From: Rahul on 10 Jul 2010 17:38 I did a tcpdump like so: tcpdump -c 1000 -ennqti eth3 \( arp or icmp \) In a one minute period I get 1000 ARP requests. Is this normal? I reproduce below the traffic in case this helps diagnosis. The network is static, no new devices are being added or removed. The MAC<->IP association is also static. Why is there such a lot of ARP traffic or is this normal? The network has ~265 servers. There is only a single physical network but twin subnets: 10.0.x.x (primary traffic) and 172.16.x.x (monitoring). i.e. each server has a single physical card but it reponds to two MAC and IP addresses. Would increasing the size of my ARP cache be a solution? I'm a bit confused because (as I understant ARP caching) my ARP cache size is set to 512 or 1024 (not sure which) but the actual ARP table seems to have only 265 entries (values below).

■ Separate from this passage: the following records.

(* Let $V$ be a finite-dimensional vector space over $\mathbb{F}_q$ and $s_1,s_2,s_3$ transvections in $\mathrm{SL}(V)$. Then \[w(s_1,s_2,s_3)-w(s_1,s_3,s_2)=w(s_1,s_3)-w(s_1,s_2)w(s_2,s_3)-w(s_1^{s_2},s_3).\]
   Context: Transvections $s_i=1+u_i\otimes\phi_i$, i.e. $x\mapsto x+\phi_i(x)u_i$ with $\phi_i(u_i)=0$. For transvections $r_1,\dots,r_k$ ($k\ge2$), $w(r_1,\dots,r_k)=\prod_{i=1}^k\phi_{r_{i+1}}(u_{r_i})$ (indices mod $k$), which is independent of the chosen representations. $s^g=g^{-1}sg$. *)

theory Defs
  imports "HOL-Analysis.Analysis"
begin

text \<open>V = 'a^'n with 'a a finite field (some F_q) and 'n a finite index type.
  Linear functionals on V are represented by coefficient vectors.\<close>

definition fapp :: "'a::comm_ring_1^'n \<Rightarrow> 'a^'n \<Rightarrow> 'a" where
  "fapp f x = (\<Sum>i\<in>UNIV. f $ i * x $ i)"

definition tv_rep :: "'a::comm_ring_1^'n^'n \<Rightarrow> 'a^'n \<Rightarrow> 'a^'n \<Rightarrow> bool" where
  "tv_rep s u f \<longleftrightarrow> fapp f u = 0 \<and> s = mat 1 + (\<chi> i j. u $ i * f $ j)"

definition transvection :: "'a::comm_ring_1^'n^'n \<Rightarrow> bool" where
  "transvection s \<longleftrightarrow> s \<noteq> mat 1 \<and> (\<exists>u f. tv_rep s u f)"

definition tv_u :: "'a::comm_ring_1^'n^'n \<Rightarrow> 'a^'n" where
  "tv_u s = fst (SOME p. tv_rep s (fst p) (snd p))"

definition tv_f :: "'a::comm_ring_1^'n^'n \<Rightarrow> 'a^'n" where
  "tv_f s = snd (SOME p. tv_rep s (fst p) (snd p))"

definition w :: "('a::comm_ring_1^'n^'n) list \<Rightarrow> 'a" where
  "w rs = (\<Prod>i<length rs. fapp (tv_f (rs ! ((i + 1) mod length rs))) (tv_u (rs ! i)))"

definition conj_by :: "'a::field^'n^'n \<Rightarrow> 'a^'n^'n \<Rightarrow> 'a^'n^'n" where
  "conj_by s g = matrix_inv g ** s ** g"

end

theory Submission
  imports Defs
begin

text \<open>Conjugating \<open>s\<^sub>1 = 1 + u\<^sub>1 \<otimes> \<phi>\<^sub>1\<close> by \<open>s\<^sub>2 = 1 + u\<^sub>2 \<otimes> \<phi>\<^sub>2\<close> gives the transvection
  \<open>1 + (u\<^sub>1 - \<phi>\<^sub>2(u\<^sub>1) u\<^sub>2) \<otimes> (\<phi>\<^sub>1 + \<phi>\<^sub>1(u\<^sub>2) \<phi>\<^sub>2)\<close>, so that
  \<open>w(s\<^sub>1\<^sup>s\<^sup>2, s\<^sub>3) = (\<phi>\<^sub>3(u\<^sub>1) - \<phi>\<^sub>2(u\<^sub>1) \<phi>\<^sub>3(u\<^sub>2)) (\<phi>\<^sub>1(u\<^sub>3) + \<phi>\<^sub>1(u\<^sub>2) \<phi>\<^sub>2(u\<^sub>3))\<close>;
  expanding this product gives the identity. Since \<open>w\<close> is computed from representations chosen
  by \<open>SOME\<close>, one needs that \<open>w(r, s)\<close> only depends on the rank-one parts \<open>u \<otimes> \<phi>\<close>.\<close>

definition outer_prod :: "'a::comm_ring_1^'n \<Rightarrow> 'a^'n \<Rightarrow> 'a^'n^'n" where
  "outer_prod u f = (\<chi> i j. u $ i * f $ j)"

lemma fapp_diff_right: "fapp f (x - y) = fapp f x - fapp f y"
  by (simp add: fapp_def right_diff_distrib sum_subtractf)

lemma fapp_scale_right: "fapp f (c *s x) = c * fapp f x"
  by (simp add: fapp_def sum_distrib_left algebra_simps)

lemma fapp_add_left: "fapp (f + g) x = fapp f x + fapp g x"
  by (simp add: fapp_def distrib_right sum.distrib)

lemma fapp_scale_left: "fapp (c *s f) x = c * fapp f x"
  by (simp add: fapp_def sum_distrib_left algebra_simps)

lemma matrix_add_rdistrib: "((A::'a::semiring_1^'n^'m) + B) ** C = A ** C + B ** C"
  by (simp add: matrix_matrix_mult_def vec_eq_iff distrib_right sum.distrib)

lemma matrix_diff_rdistrib: "((A::'a::ring_1^'n^'m) - B) ** C = A ** C - B ** C"
  by (simp add: matrix_matrix_mult_def vec_eq_iff left_diff_distrib sum_subtractf)

lemma matrix_diff_ldistrib: "(A::'a::ring_1^'n^'m) ** (B - C) = A ** B - A ** C"
  by (simp add: matrix_matrix_mult_def vec_eq_iff right_diff_distrib sum_subtractf)

lemma matrix_inv_eq:
  fixes A :: "'a::semiring_1^'n^'n"
  assumes "A ** B = mat 1" "B ** A = mat 1"
  shows "matrix_inv A = B"
proof -
  have "A ** matrix_inv A = mat 1 \<and> matrix_inv A ** A = mat 1"
    unfolding matrix_inv_def by (rule someI[of _ B]) (use assms in blast)
  then have left_inv: "matrix_inv A ** A = mat 1"
    by blast
  have "matrix_inv A = matrix_inv A ** (A ** B)"
    by (simp add: assms)
  also have "\<dots> = B"
    by (simp add: matrix_mul_assoc left_inv)
  finally show ?thesis .
qed

lemma outer_prod_mult: "outer_prod a b ** outer_prod c d = outer_prod a (fapp b c *s d)"
  unfolding outer_prod_def matrix_matrix_mult_def fapp_def
  by (simp add: vec_eq_iff sum_distrib_left sum_distrib_right mult_ac)

lemma outer_prod_square: "fapp f u = 0 \<Longrightarrow> outer_prod u f ** outer_prod u f = 0"
  unfolding outer_prod_mult by (simp add: outer_prod_def vec_eq_iff)

lemma fapp_mult_fapp_eq_outer_prod:
  "fapp g u * fapp f v = (\<Sum>i\<in>UNIV. \<Sum>j\<in>UNIV. g $ i * outer_prod u f $ i $ j * v $ j)"
  unfolding fapp_def outer_prod_def sum_product by (simp add: mult_ac)

lemma tv_rep_iff: "tv_rep s u f \<longleftrightarrow> fapp f u = 0 \<and> s = mat 1 + outer_prod u f"
  unfolding tv_rep_def outer_prod_def ..

lemma tv_rep_outer_prod_eq:
  assumes "tv_rep s u f" "tv_rep s u' f'"
  shows "outer_prod u f = outer_prod u' f'"
  using assms unfolding tv_rep_iff by (metis add_left_cancel)

lemma tv_rep_some:
  assumes "tv_rep s u f"
  shows "tv_rep s (tv_u s) (tv_f s)"
  unfolding tv_u_def tv_f_def
  by (rule someI[of "\<lambda>p. tv_rep s (fst p) (snd p)" "(u, f)"]) (simp add: assms)

lemma transvection_tv_rep: "transvection s \<Longrightarrow> tv_rep s (tv_u s) (tv_f s)"
  unfolding transvection_def using tv_rep_some by blast

lemma w_pair: "w [r, s] = fapp (tv_f s) (tv_u r) * fapp (tv_f r) (tv_u s)"
proof -
  have "{..<2::nat} = {0, 1}" by auto
  then show ?thesis unfolding w_def by simp
qed

lemma w_triple:
  "w [r, s, t] = fapp (tv_f s) (tv_u r) * fapp (tv_f t) (tv_u s) * fapp (tv_f r) (tv_u t)"
proof -
  have "{..<3::nat} = {0, 1, 2}" by auto
  then show ?thesis unfolding w_def by (simp add: mult.assoc)
qed

lemma w_pair_tv_rep:
  assumes r: "tv_rep r u f" and s: "tv_rep s v g"
  shows "w [r, s] = fapp g u * fapp f v"
proof -
  have "w [r, s] = fapp (tv_f s) u * fapp f (tv_u s)"
    unfolding w_pair fapp_mult_fapp_eq_outer_prod
    using tv_rep_outer_prod_eq[OF tv_rep_some[OF r] r] by simp
  also have "\<dots> = fapp f (tv_u s) * fapp (tv_f s) u"
    by (rule mult.commute)
  also have "\<dots> = fapp f v * fapp g u"
    unfolding fapp_mult_fapp_eq_outer_prod
    using tv_rep_outer_prod_eq[OF tv_rep_some[OF s] s] by simp
  finally show ?thesis
    by (simp add: mult.commute)
qed

lemma matrix_inv_tv_rep:
  assumes "tv_rep s u f"
  shows "matrix_inv s = mat 1 - outer_prod u f"
proof -
  have s: "s = mat 1 + outer_prod u f" and "fapp f u = 0"
    using assms by (simp_all add: tv_rep_iff)
  then have nil: "outer_prod u f ** outer_prod u f = 0"
    by (simp add: outer_prod_square)
  show ?thesis
    by (rule matrix_inv_eq) (simp_all add: s nil matrix_add_ldistrib matrix_add_rdistrib
        matrix_diff_ldistrib matrix_diff_rdistrib)
qed

lemma conj_by_tv_rep:
  fixes r s :: "'a::field^'n^'n"
  assumes r: "tv_rep r u f" and s: "tv_rep s v g"
  shows "tv_rep (conj_by r s) (u - fapp g u *s v) (f + fapp f v *s g)"
proof -
  let ?X = "outer_prod v g" and ?Y = "outer_prod u f"
  have fu: "fapp f u = 0" and gv: "fapp g v = 0"
    using r s by (simp_all add: tv_rep_iff)
  have "conj_by r s = (mat 1 - ?X) ** (mat 1 + ?Y) ** (mat 1 + ?X)"
    unfolding conj_by_def matrix_inv_tv_rep[OF s] using r s by (simp add: tv_rep_iff)
  also have "\<dots> = mat 1 + ?Y + ?Y ** ?X - ?X ** ?Y - ?X ** ?Y ** ?X"
    by (simp add: matrix_add_ldistrib matrix_add_rdistrib matrix_diff_ldistrib
        matrix_diff_rdistrib outer_prod_square[OF gv])
  also have "\<dots> = mat 1 + outer_prod (u - fapp g u *s v) (f + fapp f v *s g)"
    by (simp add: outer_prod_mult fapp_scale_left gv)
      (simp add: outer_prod_def vec_eq_iff algebra_simps)
  finally show ?thesis
    by (simp add: tv_rep_iff fapp_diff_right fapp_scale_right fapp_add_left fapp_scale_left
        fu gv algebra_simps)
qed

theorem lemma4p11:
  fixes s1 s2 s3 :: "'a::{field,finite}^'n::finite^'n"
  assumes "transvection s1" "transvection s2" "transvection s3"
    and "det s1 = 1" "det s2 = 1" "det s3 = 1"
  shows "w [s1, s2, s3] - w [s1, s3, s2]
         = w [s1, s3] - w [s1, s2] * w [s2, s3] - w [conj_by s1 s2, s3]"
proof -
  define u1 f1 u2 f2 u3 f3
    where "u1 = tv_u s1" "f1 = tv_f s1" "u2 = tv_u s2" "f2 = tv_f s2" "u3 = tv_u s3" "f3 = tv_f s3"
  note reps = u1_f1_u2_f2_u3_f3_def
  have r1: "tv_rep s1 u1 f1" and r2: "tv_rep s2 u2 f2" and r3: "tv_rep s3 u3 f3"
    using assms(1-3) by (simp_all add: reps transvection_tv_rep)
  have "w [conj_by s1 s2, s3] = fapp f3 (u1 - fapp f2 u1 *s u2) * fapp (f1 + fapp f1 u2 *s f2) u3"
    by (rule w_pair_tv_rep[OF conj_by_tv_rep[OF r1 r2] r3])
  then show ?thesis
    unfolding w_pair w_triple reps[symmetric]
    by (simp add: fapp_diff_right fapp_scale_right fapp_add_left fapp_scale_left algebra_simps)
qed

end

Or is my understanding of ARP wrong? cat /proc/net/arp | wc -l 265 ip neigh | wc -l 264 cat /proc/sys/net/ipv4/neigh/default/gc_thresh2 512 cat /proc/sys/net/ipv4/neigh/default/gc_thresh3 1024 ############################ 00:26:b9:58:ec:29 > ff:ff:ff:ff:ff:ff, ARP, length 60: arp reply 172.16.2.5 is-at 00:26:b9:58:ec:29 00:26:b9:58:ec:2a > 00:26:b9:58:d7:2f, ARP, length 60: arp who-has 10.0.3.2 tell 10.0.0.11 00:26:b9:58:ec:2c > ff:ff:ff:ff:ff:ff, ARP, length 60: arp reply 172.16.0.11 is-at 00:26:b9:58:ec:2c 00:26:b9:58:ec:48 > 00:26:b9:58:d7:2f, ARP, length 60: arp who-has 10.0.3.2 tell 10.0.1.66 00:26:b9:58:ec:4a > ff:ff:ff:ff:ff:ff, ARP, length 60: arp reply 172.16.1.66 is-at 00:26:b9:58:ec:4a 00:26:b9:58:ec:56 > ff:ff:ff:ff:ff:ff, ARP, length 60: arp reply 172.16.1.12 is-at 00:26:b9:58:ec:56 00:26:b9:58:ec:5a > 00:26:b9:58:d7:2f, ARP, length 60: arp who-has 10.0.3.2 tell 10.0.0.52 ################################ -- Rahul
From: Chris Cox on 10 Jul 2010 21:15 Rahul wrote: > I did a tcpdump like so: > > tcpdump -c 1000 -ennqti eth3 \( arp or icmp \) > > In a one minute period I get 1000 ARP requests. Is this normal? I > reproduce below the traffic in case this helps diagnosis. The network is > static, no new devices are being added or removed. The MAC<->IP > association is also static. Why is there such a lot of ARP traffic or is > this normal? In general, I'd say pretty normal. Things are always making queries... who-has messages abound, as well as i-have messages.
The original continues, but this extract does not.